Main author: Þengill Fannar Jónsson
Institution or Company: Háskóli Íslands
Co-Authors, Institution or Company:
Margrét Helga Ögmundsdóttir, Háskóli Íslands.
Introduction: Autophagy is a conserved degradation process present in all eukaryotic cells. It is necessary for turnover of cellular components to maintain normal homeostasis of the cell.
During autophagy, a double membrane layer termed the phagophore extends from cellular lipid bodies and becomes saturated with cargo, tagged or untagged for degradation. The phagophore proceeds to form a double membrane vesicle, called the autophagosome, in which the autophagic cargo is ultimately degraded. The degraded cargo is repurposed by the cell for other useful components.
A variety of genes regulate and drive autophagy, one of which is GABARAP. GABARAP is one of seven members of the LC3/GABARAP family that all serve similar functions in autophagy. They mainly recognize and recruit other autophagy related proteins to the phagophore, as well as ubiquitinated cargo. Notably, GABARAP has been shown to be involved in more diverse functions.
Methods: In our study we used the TARGET, TCGA, and GTEx mRNA databases for an isoform specific analysis of 66 autophagy related genes.
Results: We identified proportionately high expression levels of two protein coding GABARAP isoforms, alternative to the characterized protein isoform.

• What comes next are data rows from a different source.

lemma pi_depth_subst:
  assumes functional: "functional_spec Srts Ax Rl"
    and absorbing: "\<And>s1 s3. (s1, t, s3) \<in> Rl \<Longrightarrow> s3 = t"
    and untyped: "\<And>s. (t, s) \<notin> Ax"
  shows "has_type Ax Rl \<Gamma> C (Srt s) \<Longrightarrow> ctx_subst Ax Rl N k \<Gamma> \<Gamma>' \<Longrightarrow>
   pi_depth Ax Rl t \<Gamma>' (subst C k N) \<le> pi_depth Ax Rl t \<Gamma> C"
proof (induct C arbitrary: \<Gamma> \<Gamma>' N k s)
  case (Var i)
  show ?case
  proof (cases "i = k")
    case True
    with Var have "has_type Ax Rl \<Gamma>' N (Srt s)"
      using substitution by fastforce
    moreover from Var.prems(1) have "s \<noteq> t"
      using not_has_type_Var_untyped [OF untyped] by blast
    ultimately show ?thesis
      using True pi_depth_other_sort [OF functional absorbing] by simp
  next
    case False
    then show ?thesis
      by (cases "i < k") simp_all
  qed
next
  case (Pi D E)
  show ?case
  proof (cases "has_type Ax Rl (subst D k N # \<Gamma>') (subst E (Suc k) (lift 0 N)) (Srt t)")
    case True
    obtain s2 where E: "has_type Ax Rl (D # \<Gamma>) E (Srt s2)"
      using has_type_Pi_inv [OF Pi.prems(1)] by blast
    have sub: "ctx_subst Ax Rl (lift 0 N) (Suc k) (D # \<Gamma>) (subst D k N # \<Gamma>')"
      using Pi.prems(2) by (rule ctx_subst_Suc)
    with E have "has_type Ax Rl (subst D k N # \<Gamma>') (subst E (Suc k) (lift 0 N)) (Srt s2)"
      using substitution by fastforce
    with True have "s2 = t"
      using types_unique [OF functional] by fastforce
    with True E Pi.hyps(2) [OF E sub] show ?thesis
      by simp
  qed simp
qed simp_all

section \<open>Reducibility\<close>

lemma ax_star_None: "(None, s) \<notin> ax_star Srts Ax"
  by (auto simp: ax_star_def ax_S_def)

lemma rl_star_None: "(s1, None, s3) \<in> rl_star Srts Rl \<Longrightarrow> s3 = None"
  by (auto simp: rl_star_def rl_S_def)

context
  fixes Srts :: "'s set" and Ax :: "('s \<times> 's) set" and Rl :: "('s \<times> 's \<times> 's) set"
    and R :: "'s option trm list \<Rightarrow> 's option trm \<Rightarrow> 's option trm \<Rightarrow> bool"
  assumes reducibility: "is_reducibility Srts Ax Rl R"
begin

lemmas reducible_iff = reducibility [unfolded is_reducibility_def, rule_format]

lemma reducible_beta_eq_step:
  assumes "R \<Gamma> M T" and typing: "typ_star Srts Ax Rl \<Gamma> M' T" and "beta_eq M M'"
    and for_products: "\<And>B C N. T = Pi B C \<Longrightarrow> typ_star Srts Ax Rl \<Gamma> T (Srt None) \<Longrightarrow>
      R \<Gamma> N B \<Longrightarrow> R \<Gamma> (App M N) (subst C 0 N) \<Longrightarrow> R \<Gamma> (App M' N) (subst C 0 N)"
  shows "R \<Gamma> M' T"
proof -
  obtain s where wf: "wf_S Ax Rl \<Gamma>" and T: "typ_star Srts Ax Rl \<Gamma> T (Srt s)"
    and reduct: "s \<noteq> None \<or> (\<exists>s'\<in>Srts. T = Srt (Some s')) \<Longrightarrow>
      \<exists>M1 A1. beta_star M M1 \<and> beta_star T A1 \<and> typ_S Ax Rl \<Gamma> M1 A1"
    and product: "\<And>B C N. s = None \<Longrightarrow> T = Pi B C \<Longrightarrow> R \<Gamma> N B \<Longrightarrow>
      R \<Gamma> (App M N) (subst C 0 N)"
    using \<open>R \<Gamma> M T\<close> unfolding reducible_iff [of \<Gamma> M T] by blast
  have "\<exists>M1 A1. beta_star M' M1 \<and> beta_star T A1 \<and> typ_S Ax Rl \<Gamma> M1 A1"
    if "s \<noteq> None \<or> (\<exists>s'\<in>Srts. T = Srt (Some s'))"
    using reduct [OF that] typable_reduct_of_beta_eq \<open>beta_eq M M'\<close> by blast
  moreover have "R \<Gamma> (App M' N) (subst C 0 N)" if "s = None" "T = Pi B C" "R \<Gamma> N B" for B C N
    using for_products product T that by blast
  ultimately show ?thesis
    using wf typing T unfolding reducible_iff [of \<Gamma> M' T]
    by (intro conjI exI [of _ s] impI allI) simp_all
qed

lemma reducible_beta_eq:
  assumes functional: "functional_spec Srts Ax Rl"
  shows "R \<Gamma> M T \<Longrightarrow> typ_star Srts Ax Rl \<Gamma> M' T \<Longrightarrow> beta_eq M M' \<Longrightarrow> R \<Gamma> M' T"
proof (induct "pi_depth (ax_star Srts Ax) (rl_star Srts Rl) None \<Gamma> T"
    arbitrary: \<Gamma> T M M' rule: less_induct)
  case less
  show ?case
  proof (rule reducible_beta_eq_step [OF less.prems])
    fix B C N
    assume T: "T = Pi B C" and "typ_star Srts Ax Rl \<Gamma> T (Srt None)"
      and "R \<Gamma> N B" and MN: "R \<Gamma> (App M N) (subst C 0 N)"
    then have N: "typ_star Srts Ax Rl \<Gamma> N B"
      unfolding reducible_iff [of \<Gamma> N B] by blast
    with less.prems(2) T have M'N: "typ_star Srts Ax Rl \<Gamma> (App M' N) (subst C 0 N)"
      by (auto intro: has_type.t_app)
    have conv: "beta_eq (App M N) (App M' N)"
      using less.prems(3) by (rule beta_eq_AppL)
    obtain s2 where C: "typ_star Srts Ax Rl (B # \<Gamma>) C (Srt s2)"
      using has_type_Pi_inv \<open>typ_star Srts Ax Rl \<Gamma> T (Srt None)\<close> T by blast
    have functional_star: "functional_spec (srts_star Srts) (ax_star Srts Ax) (rl_star Srts Rl)"
      using functional by (rule functional_spec_star)
    show "R \<Gamma> (App M' N) (subst C 0 N)"
    proof (cases "s2 = None")
      case True
      have "pi_depth (ax_star Srts Ax) (rl_star Srts Rl) None \<Gamma> (subst C 0 N)
          \<le> pi_depth (ax_star Srts Ax) (rl_star Srts Rl) None (B # \<Gamma>) C"
        using pi_depth_subst [OF functional_star rl_star_None ax_star_None C ctx_subst_0 [OF N]] .
      also have "\<dots> < pi_depth (ax_star Srts Ax) (rl_star Srts Rl) None \<Gamma> T"
        using T C True by simp
      finally show ?thesis
        using less.hyps MN M'N conv by blast
    next
      case False
      have "typ_star Srts Ax Rl \<Gamma> (subst C 0 N) (Srt s2)"
        using substitution_0 [OF C N] by simp
      with False have "\<not> typ_star Srts Ax Rl \<Gamma> (subst C 0 N) (Srt None)"
        using types_unique [OF functional_star] by fastforce
      then show ?thesis
        using reducible_beta_eq_step [OF MN M'N conv] by blast
    qed
  qed
qed

end

theorem lemma5p19:
  fixes Srts :: "'s set" and Ax :: "('s \<times> 's) set" and Rl :: "('s \<times> 's \<times> 's) set"
    and R :: "'s option trm list \<Rightarrow> 's option trm \<Rightarrow> 's option trm \<Rightarrow> bool"
  assumes "functional_spec Srts Ax Rl"
    and "is_reducibility Srts Ax Rl R"
    and "R \<Gamma> M A"
    and "typ_star Srts Ax Rl \<Gamma> M' A"
    and "beta_eq M M'"
  shows "R \<Gamma> M' A"
  using reducible_beta_eq [OF assms(2,1,3-5)] .

end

Conclusions: The predicted products of the alternative isoforms would lack sections necessary for normal GABARAP function in autophagy. Considering the various roles of GABARAP and the contrast of isoform expression it will be important to determine whether the isoforms are stable as proteins and if so what role/roles they might have. Better understanding of the autophagy machinery is fundamental in furthering our understanding of its role in health and disease.